(* Let $f:\mathbb{R}^N\to[0,\infty]$ be a symmetric function and define $F:\mathbb{H}_N\to[0,\infty]$ by $F(X)=f(\lambda(X))$. Let $\gamma>0$. Then $$\mathcal{Q}_\gamma(F)=\mathcal{Q}_\gamma(f)\circ\lambda .$$ Moreover, for every $\rho>\gamma$ and every $X\in\mathbb{H}_N$, $$\operatorname{prox}_{\mathcal{Q}_\gamma(F)/\rho}(X)=U\,\operatorname{diag}\!\big(\operatorname{prox}_{\mathcal{Q}_\gamma(f)/\rho}(\lambda(X))\big)\,U^*,$$ where $X=U\operatorname{diag}(\lambda(X))U^*$ is any spectral decomposition of $X$ with $U$ unitary.
   Context: $\mathbb{H}_N$ denotes the real vector space of $N\times N$ complex Hermitian matrices with the Frobenius inner product $\langle X,Y\rangle_F$ and norm $\|\cdot\|_F$; $\mathbb{R}^N$ carries the Euclidean norm. For $X\in\mathbb{H}_N$, $\lambda(X)\in\mathbb{R}^N$ is the vector of eigenvalues of $X$ ordered non-increasingly. A function $f:\mathbb{R}^N\to[0,\infty]$ is symmetric if $f(\Pi x)=f(x)$ for every permutation matrix $\Pi$ and every $x$. For a function $g$ on a real Hilbert space $\mathcal{H}$ and $\gamma>0$, the quadratic envelope is $$\mathcal{Q}_\gamma(g)(x)=\sup_{\alpha\in\mathbb{R},\,y\in\mathcal{H}}\Big\{\alpha-\tfrac{\gamma}{2}\|x-y\|^2:\ \alpha-\tfrac{\gamma}{2}\|\cdot-y\|^2\le g\Big\}.$$ For a function $h$ on $\mathcal{H}$ and $\rho>0$, $\operatorname{prox}_{h/\rho}(w)=\operatorname{argmin}_{v\in\mathcal{H}}\big(h(v)/\rho+\tfrac12\|v-w\|^2\big)$ (for $\rho>\gamma$ and $h=\mathcal{Q}_\gamma(\cdot)$ this is single-valued). *)

theory Defs
  imports "HOL-Analysis.Analysis" "HOL-Computational_Algebra.Polynomial"
begin

text \<open>N x N complex matrices are represented by the type complex^'n^'n, with N = CARD('n).
  The HOL-Analysis norm on this type is exactly the Frobenius norm, and the norm on
  real^'n is the Euclidean norm.  The index type carries a linear order, used to list
  eigenvalues non-increasingly.\<close>

definition adj :: "complex^'n^'m \<Rightarrow> complex^'m^'n" where
  "adj A = (\<chi> i j. cnj (A $ j $ i))"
------
WHAT YOU WILL DO –
Each and every record above needs writing out exactly.

RESPONSE BELOW –
(* Let $f:\mathbb{R}^N\to[0,\infty]$ be a symmetric function and define $F:\mathbb{H}_N\to[0,\infty]$ by $F(X)=f(\lambda(X))$. Let $\gamma>0$. Then $$\mathcal{Q}_\gamma(F)=\mathcal{Q}_\gamma(f)\circ\lambda .$$ Moreover, for every $\rho>\gamma$ and every $X\in\mathbb{H}_N$, $$\operatorname{prox}_{\mathcal{Q}_\gamma(F)/\rho}(X)=U\,\operatorname{diag}\!\big(\operatorname{prox}_{\mathcal{Q}_\gamma(f)/\rho}(\lambda(X))\big)\,U^*,$$ where $X=U\operatorname{diag}(\lambda(X))U^*$ is any spectral decomposition of $X$ with $U$ unitary.
   Context: $\mathbb{H}_N$ denotes the real vector space of $N\times N$ complex Hermitian matrices with the Frobenius inner product $\langle X,Y\rangle_F$ and norm $\|\cdot\|_F$; $\mathbb{R}^N$ carries the Euclidean norm. For $X\in\mathbb{H}_N$, $\lambda(X)\in\mathbb{R}^N$ is the vector of eigenvalues of $X$ ordered non-increasingly. A function $f:\mathbb{R}^N\to[0,\infty]$ is symmetric if $f(\Pi x)=f(x)$ for every permutation matrix $\Pi$ and every $x$. For a function $g$ on a real Hilbert space $\mathcal{H}$ and $\gamma>0$, the quadratic envelope is $$\mathcal{Q}_\gamma(g)(x)=\sup_{\alpha\in\mathbb{R},\,y\in\mathcal{H}}\Big\{\alpha-\tfrac{\gamma}{2}\|x-y\|^2:\ \alpha-\tfrac{\gamma}{2}\|\cdot-y\|^2\le g\Big\}.$$ For a function $h$ on $\mathcal{H}$ and $\rho>0$, $\operatorname{prox}_{h/\rho}(w)=\operatorname{argmin}_{v\in\mathcal{H}}\big(h(v)/\rho+\tfrac12\|v-w\|^2\big)$ (for $\rho>\gamma$ and $h=\mathcal{Q}_\gamma(\cdot)$ this is single-valued). *)

theory Defs
  imports "HOL-Analysis.Analysis" "HOL-Computational_Algebra.Polynomial"
begin

text \<open>N x N complex matrices are represented by the type complex^'n^'n, with N = CARD('n).
  The HOL-Analysis norm on this type is exactly the Frobenius norm, and the norm on
  real^'n is the Euclidean norm.  The index type carries a linear order, used to list
  eigenvalues non-increasingly.\<close>

definition adj :: "complex^'n^'m \<Rightarrow> complex^'m^'n" where
  "adj A = (\<chi> i j. cnj (A $ j $ i))"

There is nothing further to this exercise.